(Collected data entries)
Content starts

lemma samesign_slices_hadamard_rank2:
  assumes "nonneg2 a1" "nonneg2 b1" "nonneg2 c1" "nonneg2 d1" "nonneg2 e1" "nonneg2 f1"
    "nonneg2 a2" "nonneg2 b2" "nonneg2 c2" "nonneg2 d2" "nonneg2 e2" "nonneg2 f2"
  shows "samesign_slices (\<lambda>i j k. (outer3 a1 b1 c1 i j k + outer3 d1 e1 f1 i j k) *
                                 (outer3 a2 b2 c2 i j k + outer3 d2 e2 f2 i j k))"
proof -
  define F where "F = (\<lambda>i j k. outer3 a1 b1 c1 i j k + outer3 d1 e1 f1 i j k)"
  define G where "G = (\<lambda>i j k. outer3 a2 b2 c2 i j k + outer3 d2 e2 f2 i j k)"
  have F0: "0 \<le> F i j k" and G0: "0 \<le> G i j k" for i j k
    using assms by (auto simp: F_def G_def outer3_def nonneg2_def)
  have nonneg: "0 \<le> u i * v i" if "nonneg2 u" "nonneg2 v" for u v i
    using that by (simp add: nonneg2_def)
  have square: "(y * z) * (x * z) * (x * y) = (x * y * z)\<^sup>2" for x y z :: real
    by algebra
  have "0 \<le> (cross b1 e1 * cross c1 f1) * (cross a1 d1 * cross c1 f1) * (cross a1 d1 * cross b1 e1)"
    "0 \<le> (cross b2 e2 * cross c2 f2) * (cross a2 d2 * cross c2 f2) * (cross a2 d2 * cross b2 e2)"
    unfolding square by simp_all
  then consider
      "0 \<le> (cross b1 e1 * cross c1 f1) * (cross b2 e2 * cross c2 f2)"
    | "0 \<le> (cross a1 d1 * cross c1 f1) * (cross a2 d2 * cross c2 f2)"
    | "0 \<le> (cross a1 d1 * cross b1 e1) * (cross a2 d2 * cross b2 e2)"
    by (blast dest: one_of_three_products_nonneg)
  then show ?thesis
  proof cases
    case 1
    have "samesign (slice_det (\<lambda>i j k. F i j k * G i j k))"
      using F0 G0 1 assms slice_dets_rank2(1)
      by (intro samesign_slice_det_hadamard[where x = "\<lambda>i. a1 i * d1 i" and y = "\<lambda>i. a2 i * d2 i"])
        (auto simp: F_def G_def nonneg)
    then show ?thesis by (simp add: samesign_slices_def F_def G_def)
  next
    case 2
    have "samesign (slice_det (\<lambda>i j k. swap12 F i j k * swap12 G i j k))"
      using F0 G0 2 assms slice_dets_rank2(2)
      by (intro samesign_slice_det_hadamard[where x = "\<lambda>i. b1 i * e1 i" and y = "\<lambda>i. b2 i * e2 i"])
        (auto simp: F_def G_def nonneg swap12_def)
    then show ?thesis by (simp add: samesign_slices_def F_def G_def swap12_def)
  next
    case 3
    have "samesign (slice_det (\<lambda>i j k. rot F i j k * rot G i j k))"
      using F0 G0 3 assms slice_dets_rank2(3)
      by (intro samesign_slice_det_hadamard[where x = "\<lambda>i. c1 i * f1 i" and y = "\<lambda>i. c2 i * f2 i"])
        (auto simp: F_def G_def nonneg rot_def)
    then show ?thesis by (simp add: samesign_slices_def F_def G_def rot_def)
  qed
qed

Content ends
Content starts

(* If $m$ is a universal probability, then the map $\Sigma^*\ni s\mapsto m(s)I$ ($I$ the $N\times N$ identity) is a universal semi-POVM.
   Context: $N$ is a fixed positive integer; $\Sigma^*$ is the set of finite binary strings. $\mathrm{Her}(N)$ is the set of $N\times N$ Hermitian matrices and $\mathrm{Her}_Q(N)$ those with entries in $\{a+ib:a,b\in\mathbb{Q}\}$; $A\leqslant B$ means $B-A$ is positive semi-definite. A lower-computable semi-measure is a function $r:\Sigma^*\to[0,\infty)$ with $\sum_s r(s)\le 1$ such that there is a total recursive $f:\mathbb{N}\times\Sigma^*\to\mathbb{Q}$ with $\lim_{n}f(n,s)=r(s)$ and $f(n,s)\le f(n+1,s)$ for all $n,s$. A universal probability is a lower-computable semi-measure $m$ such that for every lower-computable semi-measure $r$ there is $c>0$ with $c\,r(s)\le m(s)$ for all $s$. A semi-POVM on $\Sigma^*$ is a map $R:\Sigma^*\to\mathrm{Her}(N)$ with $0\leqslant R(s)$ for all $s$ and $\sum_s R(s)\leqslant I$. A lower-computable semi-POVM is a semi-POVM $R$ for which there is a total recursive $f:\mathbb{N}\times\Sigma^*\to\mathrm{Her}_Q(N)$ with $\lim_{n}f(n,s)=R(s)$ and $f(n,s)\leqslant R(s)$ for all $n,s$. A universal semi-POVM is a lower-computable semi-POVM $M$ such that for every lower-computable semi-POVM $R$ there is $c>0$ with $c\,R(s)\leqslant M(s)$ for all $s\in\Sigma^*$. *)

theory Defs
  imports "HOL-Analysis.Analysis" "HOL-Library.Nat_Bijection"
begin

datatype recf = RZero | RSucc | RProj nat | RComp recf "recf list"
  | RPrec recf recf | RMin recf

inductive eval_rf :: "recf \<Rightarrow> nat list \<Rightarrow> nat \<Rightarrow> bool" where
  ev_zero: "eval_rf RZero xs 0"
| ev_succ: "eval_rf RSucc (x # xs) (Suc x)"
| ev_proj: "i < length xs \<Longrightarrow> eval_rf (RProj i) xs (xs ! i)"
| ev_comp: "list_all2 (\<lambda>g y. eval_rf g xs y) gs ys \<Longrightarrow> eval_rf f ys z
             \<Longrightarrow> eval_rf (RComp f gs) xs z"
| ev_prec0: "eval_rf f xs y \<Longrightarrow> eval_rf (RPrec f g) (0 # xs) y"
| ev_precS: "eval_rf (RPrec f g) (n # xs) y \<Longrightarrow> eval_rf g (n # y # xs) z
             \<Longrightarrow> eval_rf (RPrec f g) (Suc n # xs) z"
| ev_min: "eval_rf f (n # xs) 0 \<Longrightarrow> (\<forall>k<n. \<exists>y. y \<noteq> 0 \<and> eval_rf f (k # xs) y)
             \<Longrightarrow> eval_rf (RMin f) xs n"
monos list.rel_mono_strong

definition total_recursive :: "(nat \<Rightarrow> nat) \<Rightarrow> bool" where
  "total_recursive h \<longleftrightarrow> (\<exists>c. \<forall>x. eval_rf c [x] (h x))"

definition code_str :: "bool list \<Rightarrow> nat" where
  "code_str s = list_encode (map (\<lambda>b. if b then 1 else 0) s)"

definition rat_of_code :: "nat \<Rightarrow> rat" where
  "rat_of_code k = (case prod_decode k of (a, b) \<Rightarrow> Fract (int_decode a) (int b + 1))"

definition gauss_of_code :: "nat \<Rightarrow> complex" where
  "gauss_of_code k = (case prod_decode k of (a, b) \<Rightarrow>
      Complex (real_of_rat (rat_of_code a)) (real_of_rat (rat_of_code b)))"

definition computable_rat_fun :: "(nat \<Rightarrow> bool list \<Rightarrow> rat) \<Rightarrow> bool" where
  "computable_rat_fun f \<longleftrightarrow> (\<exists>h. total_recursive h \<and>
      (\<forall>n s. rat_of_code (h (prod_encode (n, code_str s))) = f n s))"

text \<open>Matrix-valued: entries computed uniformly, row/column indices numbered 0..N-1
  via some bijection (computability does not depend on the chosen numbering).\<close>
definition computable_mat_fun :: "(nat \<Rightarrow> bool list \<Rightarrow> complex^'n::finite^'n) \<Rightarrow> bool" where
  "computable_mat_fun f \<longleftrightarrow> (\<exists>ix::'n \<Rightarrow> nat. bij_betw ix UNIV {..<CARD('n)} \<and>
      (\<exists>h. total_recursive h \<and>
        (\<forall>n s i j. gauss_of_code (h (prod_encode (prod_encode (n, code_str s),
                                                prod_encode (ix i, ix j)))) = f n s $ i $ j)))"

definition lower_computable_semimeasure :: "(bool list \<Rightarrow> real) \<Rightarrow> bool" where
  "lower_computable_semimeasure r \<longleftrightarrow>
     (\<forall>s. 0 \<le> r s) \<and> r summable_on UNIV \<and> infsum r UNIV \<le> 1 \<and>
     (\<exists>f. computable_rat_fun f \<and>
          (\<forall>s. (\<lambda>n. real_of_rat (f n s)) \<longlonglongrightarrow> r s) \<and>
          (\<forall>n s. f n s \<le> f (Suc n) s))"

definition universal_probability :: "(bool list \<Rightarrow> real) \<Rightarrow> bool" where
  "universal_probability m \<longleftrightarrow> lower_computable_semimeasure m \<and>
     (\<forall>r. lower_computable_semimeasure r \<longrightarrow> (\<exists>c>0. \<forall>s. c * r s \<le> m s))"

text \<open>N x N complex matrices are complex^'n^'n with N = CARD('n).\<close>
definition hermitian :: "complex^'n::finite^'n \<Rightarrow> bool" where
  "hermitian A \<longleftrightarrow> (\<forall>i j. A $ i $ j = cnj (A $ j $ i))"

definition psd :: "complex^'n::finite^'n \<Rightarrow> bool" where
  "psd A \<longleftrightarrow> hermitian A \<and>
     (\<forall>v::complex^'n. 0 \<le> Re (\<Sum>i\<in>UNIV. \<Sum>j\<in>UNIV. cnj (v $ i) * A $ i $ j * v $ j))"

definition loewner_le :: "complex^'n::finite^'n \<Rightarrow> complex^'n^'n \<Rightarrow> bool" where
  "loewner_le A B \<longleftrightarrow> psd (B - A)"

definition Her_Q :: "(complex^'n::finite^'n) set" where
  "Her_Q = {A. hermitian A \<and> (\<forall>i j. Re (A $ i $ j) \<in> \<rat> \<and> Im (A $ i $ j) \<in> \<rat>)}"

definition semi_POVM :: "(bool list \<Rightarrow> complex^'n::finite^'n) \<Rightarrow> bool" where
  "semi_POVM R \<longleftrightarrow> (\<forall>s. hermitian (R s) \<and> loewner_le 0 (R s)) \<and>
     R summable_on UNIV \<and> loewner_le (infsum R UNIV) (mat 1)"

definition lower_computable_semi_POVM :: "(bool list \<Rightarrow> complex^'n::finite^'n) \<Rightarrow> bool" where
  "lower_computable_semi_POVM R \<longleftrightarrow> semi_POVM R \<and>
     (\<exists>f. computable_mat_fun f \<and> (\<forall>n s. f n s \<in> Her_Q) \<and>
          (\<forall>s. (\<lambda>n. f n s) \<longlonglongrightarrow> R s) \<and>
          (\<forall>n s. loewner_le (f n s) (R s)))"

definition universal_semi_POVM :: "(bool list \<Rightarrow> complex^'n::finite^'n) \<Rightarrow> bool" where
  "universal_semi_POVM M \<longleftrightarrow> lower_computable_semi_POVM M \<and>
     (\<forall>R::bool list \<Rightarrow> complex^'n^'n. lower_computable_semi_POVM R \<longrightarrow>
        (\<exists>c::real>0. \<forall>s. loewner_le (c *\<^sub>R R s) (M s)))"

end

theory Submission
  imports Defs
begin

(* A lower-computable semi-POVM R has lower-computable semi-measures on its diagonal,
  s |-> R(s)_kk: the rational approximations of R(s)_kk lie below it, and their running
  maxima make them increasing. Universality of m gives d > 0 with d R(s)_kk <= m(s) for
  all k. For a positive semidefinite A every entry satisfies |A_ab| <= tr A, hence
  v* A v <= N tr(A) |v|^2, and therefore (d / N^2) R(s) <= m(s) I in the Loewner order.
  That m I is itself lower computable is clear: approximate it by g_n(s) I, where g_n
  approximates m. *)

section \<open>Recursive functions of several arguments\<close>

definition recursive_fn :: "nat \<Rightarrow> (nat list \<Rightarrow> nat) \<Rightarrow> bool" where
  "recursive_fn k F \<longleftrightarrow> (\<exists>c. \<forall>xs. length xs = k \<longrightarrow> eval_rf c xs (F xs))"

Content ends
Content starts

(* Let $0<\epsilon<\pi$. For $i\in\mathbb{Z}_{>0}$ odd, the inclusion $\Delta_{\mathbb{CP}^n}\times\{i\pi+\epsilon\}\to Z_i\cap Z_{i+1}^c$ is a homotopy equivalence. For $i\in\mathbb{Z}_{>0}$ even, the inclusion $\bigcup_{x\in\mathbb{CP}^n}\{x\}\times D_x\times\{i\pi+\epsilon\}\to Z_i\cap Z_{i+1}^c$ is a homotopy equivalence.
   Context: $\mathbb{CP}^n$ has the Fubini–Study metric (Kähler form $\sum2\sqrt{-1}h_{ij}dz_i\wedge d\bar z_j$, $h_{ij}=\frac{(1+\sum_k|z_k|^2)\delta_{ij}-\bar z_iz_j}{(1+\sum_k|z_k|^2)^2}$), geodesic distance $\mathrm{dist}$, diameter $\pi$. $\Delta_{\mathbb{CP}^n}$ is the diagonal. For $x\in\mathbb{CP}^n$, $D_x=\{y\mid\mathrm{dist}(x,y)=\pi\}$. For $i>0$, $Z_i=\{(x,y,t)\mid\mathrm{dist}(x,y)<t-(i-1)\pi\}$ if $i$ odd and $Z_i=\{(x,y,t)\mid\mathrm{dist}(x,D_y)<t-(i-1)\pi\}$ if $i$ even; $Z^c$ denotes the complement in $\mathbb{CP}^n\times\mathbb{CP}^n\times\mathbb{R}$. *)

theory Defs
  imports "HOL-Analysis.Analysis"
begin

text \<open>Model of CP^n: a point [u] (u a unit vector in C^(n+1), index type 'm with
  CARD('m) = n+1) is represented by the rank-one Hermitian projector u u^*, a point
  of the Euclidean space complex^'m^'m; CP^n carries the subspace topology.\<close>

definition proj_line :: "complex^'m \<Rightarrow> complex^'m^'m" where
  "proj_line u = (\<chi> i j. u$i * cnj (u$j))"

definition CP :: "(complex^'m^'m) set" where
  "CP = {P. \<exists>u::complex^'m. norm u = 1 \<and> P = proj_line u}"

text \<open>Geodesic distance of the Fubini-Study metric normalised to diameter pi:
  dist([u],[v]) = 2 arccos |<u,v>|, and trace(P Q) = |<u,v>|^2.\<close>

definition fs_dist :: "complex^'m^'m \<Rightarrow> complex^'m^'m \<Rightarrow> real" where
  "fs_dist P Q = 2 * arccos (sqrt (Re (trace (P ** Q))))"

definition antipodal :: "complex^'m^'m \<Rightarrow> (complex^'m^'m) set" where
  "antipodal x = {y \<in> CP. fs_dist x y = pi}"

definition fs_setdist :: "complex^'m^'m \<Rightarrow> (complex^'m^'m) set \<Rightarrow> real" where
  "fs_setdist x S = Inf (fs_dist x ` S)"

Content ends

**TO DO**
Among the records, find every line with the word "thesis" and copy it.

**EXPECTED ANSWER**
  then show ?thesis
    then show ?thesis by (simp add: samesign_slices_def F_def G_def)
    then show ?thesis by (simp add: samesign_slices_def F_def G_def swap12_def)
    then show ?thesis by (simp add: samesign_slices_def F_def G_def rot_def)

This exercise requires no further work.